== GIVEN DATA

(* Let $V$ be a population of $n$ individuals with pseudo-metric $d$, let $k$ be a panel size, and let $\mathcal{G}$ be the output of the Greedy Capture procedure (defined in the context) on $V$ with panel size $k$. Let $\alpha\ge 1$ and let $P\subseteq V$ be such that for every $G\in\mathcal{G}$ there exists $p\in P$ with $d(p,c_G)\le\alpha\cdot r_G$. Then $P$ satisfies $(\alpha+3)$-PFC for population $V$ with panel size $k$.
   Context: $B(x,\delta)=\{u\in V: d(x,u)\le\delta\}$. Greedy Capture with panel size $K$ (Modified Greedy Capture with every individual initially its own group): maintain a set $U$ of uncovered individuals, initially $V$, and an output collection initially empty; increase $\delta$ continuously from $0$ while $U\ne\emptyset$. At each $\delta$: for each already formed group with center $c$, remove $U\cap B(c,\delta)$ from $U$; then, while some $x\in V$ has $|U\cap B(x,\delta)|\ge n/K$, form the group $U\cap B(x,\delta)$ with center $c_G=x$ and radius $r_G=\delta$, add it to the output and remove its members from $U$. A set $P\subseteq V$ satisfies $\gamma$-PFC for population $V$ with panel size $k$ if for every $S\subseteq V$ with $|S|\ge n/k$ there exist $v\in S$, $p\in P$ with $d(v,p)\le\gamma\cdot\min_{y\in V}\max_{u\in S}d(u,y)$. *)

theory Defs
  imports Complex_Main
begin

definition pseudo_metric_on :: "'a set \<Rightarrow> ('a \<Rightarrow> 'a \<Rightarrow> real) \<Rightarrow> bool" where
  "pseudo_metric_on V d \<longleftrightarrow>
     (\<forall>x\<in>V. d x x = 0) \<and> (\<forall>x\<in>V. \<forall>y\<in>V. d x y = d y x) \<and>
     (\<forall>x\<in>V. \<forall>y\<in>V. \<forall>z\<in>V. d x z \<le> d x y + d y z)"

definition ball_in :: "'a set \<Rightarrow> ('a \<Rightarrow> 'a \<Rightarrow> real) \<Rightarrow> 'a \<Rightarrow> real \<Rightarrow> 'a set" where
  "ball_in V d x \<delta> = {u\<in>V. d x u \<le> \<delta>}"

text \<open>A run of Greedy Capture is recorded as the list of formed groups, in the order
  of formation, each as a triple (G, c_G, r_G).\<close>
definition gc_uncovered ::
  "'a set \<Rightarrow> ('a \<Rightarrow> 'a \<Rightarrow> real) \<Rightarrow> ('a set \<times> 'a \<times> real) list \<Rightarrow> real \<Rightarrow> 'a set" where
  "gc_uncovered V d gs \<delta> =
     V - (\<Union>(G, c, r)\<in>set gs. G \<union> ball_in V d c \<delta>)"

definition greedy_capture ::
  "'a set \<Rightarrow> ('a \<Rightarrow> 'a \<Rightarrow> real) \<Rightarrow> nat \<Rightarrow> ('a set \<times> 'a \<times> real) list \<Rightarrow> bool" where
  "greedy_capture V d K gs \<longleftrightarrow>
     (\<forall>i<length gs.
        (let (G, c, r) = gs ! i; prev = take i gs;
             lo = (if i = 0 then 0 else snd (snd (gs ! (i - 1)))) in
          c \<in> V \<and> lo \<le> r \<and>
          G = gc_uncovered V d prev r \<inter> ball_in V d c r \<and>
          real (card G) \<ge> real (card V) / real K \<and>
          (\<forall>\<delta>. lo \<le> \<delta> \<and> \<delta> < r \<longrightarrow>
             (\<forall>x\<in>V. real (card (gc_uncovered V d prev \<delta> \<inter> ball_in V d x \<delta>))
                       < real (card V) / real K)))) \<and>
     (let lo = (if gs = [] then 0 else snd (snd (last gs))) in
       \<forall>\<delta>. lo \<le> \<delta> \<longrightarrow>
         (\<forall>x\<in>V. real (card (gc_uncovered V d gs \<delta> \<inter> ball_in V d x \<delta>))
                   < real (card V) / real K))"

definition PFC :: "'a set \<Rightarrow> ('a \<Rightarrow> 'a \<Rightarrow> real) \<Rightarrow> nat \<Rightarrow> real \<Rightarrow> 'a set \<Rightarrow> bool" where
  "PFC V d k \<gamma> P \<longleftrightarrow>
     (\<forall>S. S \<subseteq> V \<and> S \<noteq> {} \<and> real (card S) \<ge> real (card V) / real k \<longrightarrow>
        (\<exists>v\<in>S. \<exists>p\<in>P. d v p \<le> \<gamma> * (MIN y\<in>V. MAX u\<in>S. d u y)))"

end

theory Submission
  imports Defs
begin

text \<open>Let \<open>R\<close> be the optimal radius of the coalition \<open>S\<close>, attained by a centre \<open>y\<close>, so
  \<open>S \<subseteq> B(y, R)\<close>. Stop Greedy Capture once all groups of radius at most \<open>R\<close> are formed:
  at that moment no ball of radius \<open>R\<close> holds \<open>n/k\<close> uncovered individuals, so not all of
  \<open>S\<close> is still uncovered. Hence some group \<open>G\<close> with \<open>r\<^sub>G \<le> R\<close> contains or covers at
  radius \<open>R\<close> a member \<open>u\<close> of \<open>S\<close>, i.e. \<open>d(u, c\<^sub>G) \<le> R\<close>, and the representative \<open>p\<close> of \<open>G\<close>
  satisfies \<open>d(u, p) \<le> R + \<alpha> r\<^sub>G \<le> (\<alpha> + 1) R\<close>, which is even better than claimed.\<close>

lemma pseudo_metric_on_sym:
  "pseudo_metric_on V d \<Longrightarrow> x \<in> V \<Longrightarrow> y \<in> V \<Longrightarrow> d x y = d y x"
  unfolding pseudo_metric_on_def by blast

lemma pseudo_metric_on_triangle:
  "pseudo_metric_on V d \<Longrightarrow> x \<in> V \<Longrightarrow> y \<in> V \<Longrightarrow> z \<in> V \<Longrightarrow> d x z \<le> d x y + d y z"
  unfolding pseudo_metric_on_def by blast

lemma pseudo_metric_on_nonneg:
  assumes "pseudo_metric_on V d" "x \<in> V" "y \<in> V"
  shows "0 \<le> d x y"
proof -
  have "d x x \<le> d x y + d y x"
    using pseudo_metric_on_triangle[OF assms(1,2,3,2)] .
  moreover have "d x x = 0" "d y x = d x y"
    using assms unfolding pseudo_metric_on_def by auto
  ultimately show ?thesis
    by linarith
qed

lemma min_max_radius_attained:
  assumes "finite V" "V \<noteq> {}" "finite S" "S \<subseteq> V" "pseudo_metric_on V d"
  obtains y where "y \<in> V" "S \<subseteq> ball_in V d y (MIN y\<in>V. MAX u\<in>S. d u y)"
proof -
  have "(MIN y\<in>V. MAX u\<in>S. d u y) \<in> (\<lambda>y. MAX u\<in>S. d u y) ` V"
    using assms(1,2) by (intro Min_in) auto
  then obtain y where y: "y \<in> V" "(MAX u\<in>S. d u y) = (MIN y\<in>V. MAX u\<in>S. d u y)"
    by auto
  have "d y u \<le> (MIN y\<in>V. MAX u\<in>S. d u y)" if "u \<in> S" for u
  proof -
    have "d u y \<le> (MAX u\<in>S. d u y)"
      using assms(3) that by (intro Max_ge) auto
    then show ?thesis
      using y that assms(4) pseudo_metric_on_sym[OF assms(5)] by auto
  qed
  then show thesis
    using that y assms(4) by (auto simp: ball_in_def)
qed

lemma greedy_capture_nth:
  assumes "greedy_capture V d K gs" "i < length gs" "gs ! i = (G, c, r)"
  shows "c \<in> V" "G = gc_uncovered V d (take i gs) r \<inter> ball_in V d c r"
    and "\<And>\<delta> x. (if i = 0 then 0 else snd (snd (gs ! (i - 1)))) \<le> \<delta> \<Longrightarrow> \<delta> < r \<Longrightarrow> x \<in> V \<Longrightarrow>
      real (card (gc_uncovered V d (take i gs) \<delta> \<inter> ball_in V d x \<delta>)) < real (card V) / real K"
proof -
  have "let (G, c, r) = gs ! i; prev = take i gs;
            lo = (if i = 0 then 0 else snd (snd (gs ! (i - 1)))) in
          c \<in> V \<and> lo \<le> r \<and>
          G = gc_uncovered V d prev r \<inter> ball_in V d c r \<and>
          real (card G) \<ge> real (card V) / real K \<and>
          (\<forall>\<delta>. lo \<le> \<delta> \<and> \<delta> < r \<longrightarrow>
             (\<forall>x\<in>V. real (card (gc_uncovered V d prev \<delta> \<inter> ball_in V d x \<delta>))
                       < real (card V) / real K))"
    using assms(1,2) unfolding greedy_capture_def by blast
  then show "c \<in> V" "G = gc_uncovered V d (take i gs) r \<inter> ball_in V d c r"
    and "\<And>\<delta> x. (if i = 0 then 0 else snd (snd (gs ! (i - 1)))) \<le> \<delta> \<Longrightarrow> \<delta> < r \<Longrightarrow> x \<in> V \<Longrightarrow>
      real (card (gc_uncovered V d (take i gs) \<delta> \<inter> ball_in V d x \<delta>)) < real (card V) / real K"
    using assms(3) by (simp_all add: Let_def)
qed

lemma greedy_capture_final:
  assumes "greedy_capture V d K gs" "(if gs = [] then 0 else snd (snd (last gs))) \<le> \<delta>" "x \<in> V"
  shows "real (card (gc_uncovered V d gs \<delta> \<inter> ball_in V d x \<delta>)) < real (card V) / real K"
  using assms unfolding greedy_capture_def Let_def by blast

lemma greedy_capture_group_subset_ball:
  assumes "greedy_capture V d K gs" "(G, c, r) \<in> set gs"
  shows "c \<in> V" "G \<subseteq> ball_in V d c r"
proof -
  obtain i where "i < length gs" "gs ! i = (G, c, r)"
    using assms(2) by (auto simp: in_set_conv_nth)
  from greedy_capture_nth[OF assms(1) this] show "c \<in> V" "G \<subseteq> ball_in V d c r"
    by auto
qed

text \<open>The groups formed before the process passes radius \<open>\<delta>\<close> are the longest prefix of
  groups of radius at most \<open>\<delta>\<close>.\<close>

lemma greedy_capture_sparse_at_radius:
  assumes gc: "greedy_capture V d K gs" and "0 \<le> \<delta>" "x \<in> V"
  defines "formed \<equiv> takeWhile (\<lambda>(G, c, r). r \<le> \<delta>) gs"
  shows "real (card (gc_uncovered V d formed \<delta> \<inter> ball_in V d x \<delta>)) < real (card V) / real K"
proof -
  define i where "i = length formed"
  have formed_take: "formed = take i gs"
    unfolding i_def formed_def by (rule takeWhile_eq_take)
  have formed_small: "snd (snd g) \<le> \<delta>" if "g \<in> set formed" for g
    using that set_takeWhileD unfolding formed_def by fastforce
  show ?thesis
  proof (cases "i < length gs")
    case True
    obtain G c r where gi: "gs ! i = (G, c, r)" by (cases "gs ! i") auto
    have "\<delta> < r"
      using nth_length_takeWhile[of "\<lambda>(G, c, r). r \<le> \<delta>" gs] True gi
      unfolding i_def formed_def by auto
    moreover have "(if i = 0 then 0 else snd (snd (gs ! (i - 1)))) \<le> \<delta>"
    proof (cases "i = 0")
      case False
      then have "formed ! (i - 1) = gs ! (i - 1)"
        unfolding i_def formed_def by (intro takeWhile_nth) simp
      then show ?thesis
        using formed_small[OF nth_mem[of "i - 1" formed]] False unfolding i_def by simp
    qed (simp add: \<open>0 \<le> \<delta>\<close>)
    ultimately show ?thesis
      using greedy_capture_nth(3)[OF gc True gi] \<open>x \<in> V\<close> formed_take by simp
  next
    case False
    then have "formed = gs"
      using formed_take by simp
    moreover have "(if gs = [] then 0 else snd (snd (last gs))) \<le> \<delta>"
      using formed_small[of "last gs"] \<open>0 \<le> \<delta>\<close> \<open>formed = gs\<close> by auto
    ultimately show ?thesis
      using greedy_capture_final[OF gc _ \<open>x \<in> V\<close>] by simp
  qed
qed

lemma greedy_capture_reaches_coalition:
  assumes gc: "greedy_capture V d K gs" and "finite V" "0 \<le> \<delta>" "y \<in> V"
    and S: "S \<subseteq> ball_in V d y \<delta>" "real (card S) \<ge> real (card V) / real K"
  shows "\<exists>(G, c, r)\<in>set gs. r \<le> \<delta> \<and> (\<exists>u\<in>S. u \<in> G \<union> ball_in V d c \<delta>)"
proof (rule ccontr)
  assume untouched: "\<not> ?thesis"
  define formed where "formed = takeWhile (\<lambda>(G, c, r). r \<le> \<delta>) gs"
  have "u \<in> gc_uncovered V d formed \<delta>" if "u \<in> S" for u
  proof -
    have "u \<notin> G \<union> ball_in V d c \<delta>" if "(G, c, r) \<in> set formed" for G c r
      using that \<open>u \<in> S\<close> untouched set_takeWhileD[OF that[unfolded formed_def]] by blast
    then show ?thesis
      using \<open>u \<in> S\<close> S(1) unfolding gc_uncovered_def ball_in_def by blast
  qed
  then have "S \<subseteq> gc_uncovered V d formed \<delta> \<inter> ball_in V d y \<delta>"
    using S(1) by blast
  then have "card S \<le> card (gc_uncovered V d formed \<delta> \<inter> ball_in V d y \<delta>)"
    using \<open>finite V\<close> by (intro card_mono) (simp_all add: ball_in_def)
  then show False
    using greedy_capture_sparse_at_radius[OF gc \<open>0 \<le> \<delta>\<close> \<open>y \<in> V\<close>] S(2)
    unfolding formed_def by linarith
qed

theorem lemma7:
  fixes V :: "'a set" and d :: "'a \<Rightarrow> 'a \<Rightarrow> real" and k :: nat
    and gs :: "('a set \<times> 'a \<times> real) list" and \<alpha> :: real and P :: "'a set"
  assumes "finite V" and "V \<noteq> {}" and "pseudo_metric_on V d" and "k \<ge> 1"
    and "greedy_capture V d k gs"
    and "\<alpha> \<ge> 1" and "P \<subseteq> V"
    and "\<forall>(G, c, r)\<in>set gs. \<exists>p\<in>P. d p c \<le> \<alpha> * r"
  shows "PFC V d k (\<alpha> + 3) P"
  unfolding PFC_def
proof (intro allI impI)
  fix S assume S: "S \<subseteq> V \<and> S \<noteq> {} \<and> real (card S) \<ge> real (card V) / real k"
  define R where "R = (MIN y\<in>V. MAX u\<in>S. d u y)"
  obtain y where y: "y \<in> V" "S \<subseteq> ball_in V d y R"
    using min_max_radius_attained[OF assms(1,2) _ _ assms(3)] S finite_subset[OF _ assms(1)]
    unfolding R_def by blast
  have "0 \<le> R"
    using S y pseudo_metric_on_nonneg[OF assms(3)] by (force simp: ball_in_def)
  then obtain G c r u where group: "(G, c, r) \<in> set gs" "r \<le> R"
      and u: "u \<in> S" "u \<in> G \<union> ball_in V d c R"
    using greedy_capture_reaches_coalition[OF assms(5,1) _ y] S by blast
  obtain p where p: "p \<in> P" "d p c \<le> \<alpha> * r"
    using assms(8) group(1) by blast
  have c: "c \<in> V" "G \<subseteq> ball_in V d c r"
    using greedy_capture_group_subset_ball[OF assms(5) group(1)] by auto
  have "d c u \<le> R"
    using u c group(2) by (auto simp: ball_in_def)
  have "u \<in> V" "p \<in> V"
    using u S p assms(7) by auto
  have "d u p \<le> d c u + d p c"
    using pseudo_metric_on_triangle[OF assms(3) \<open>u \<in> V\<close> c(1) \<open>p \<in> V\<close>]
      pseudo_metric_on_sym[OF assms(3)] c(1) \<open>u \<in> V\<close> \<open>p \<in> V\<close> by simp
  also have "\<dots> \<le> R + \<alpha> * R"
    using \<open>d c u \<le> R\<close> p(2) mult_left_mono[OF group(2), of \<alpha>] assms(6) by linarith
  also have "\<dots> \<le> (\<alpha> + 3) * R"
    using \<open>0 \<le> R\<close> by (simp add: algebra_simps)
  finally show "\<exists>v\<in>S. \<exists>p\<in>P. d v p \<le> (\<alpha> + 3) * (MIN y\<in>V. MAX u\<in>S. d u y)"
    using u(1) p(1) unfolding R_def by blast
qed

end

====

EXERCISE GOAL: What is needed is every line of the records above that contains the word "also".

SOLUTION FOR THIS EXERCISE:
  also have "\<dots> \<le> R + \<alpha> * R"
  also have "\<dots> \<le> (\<alpha> + 3) * R"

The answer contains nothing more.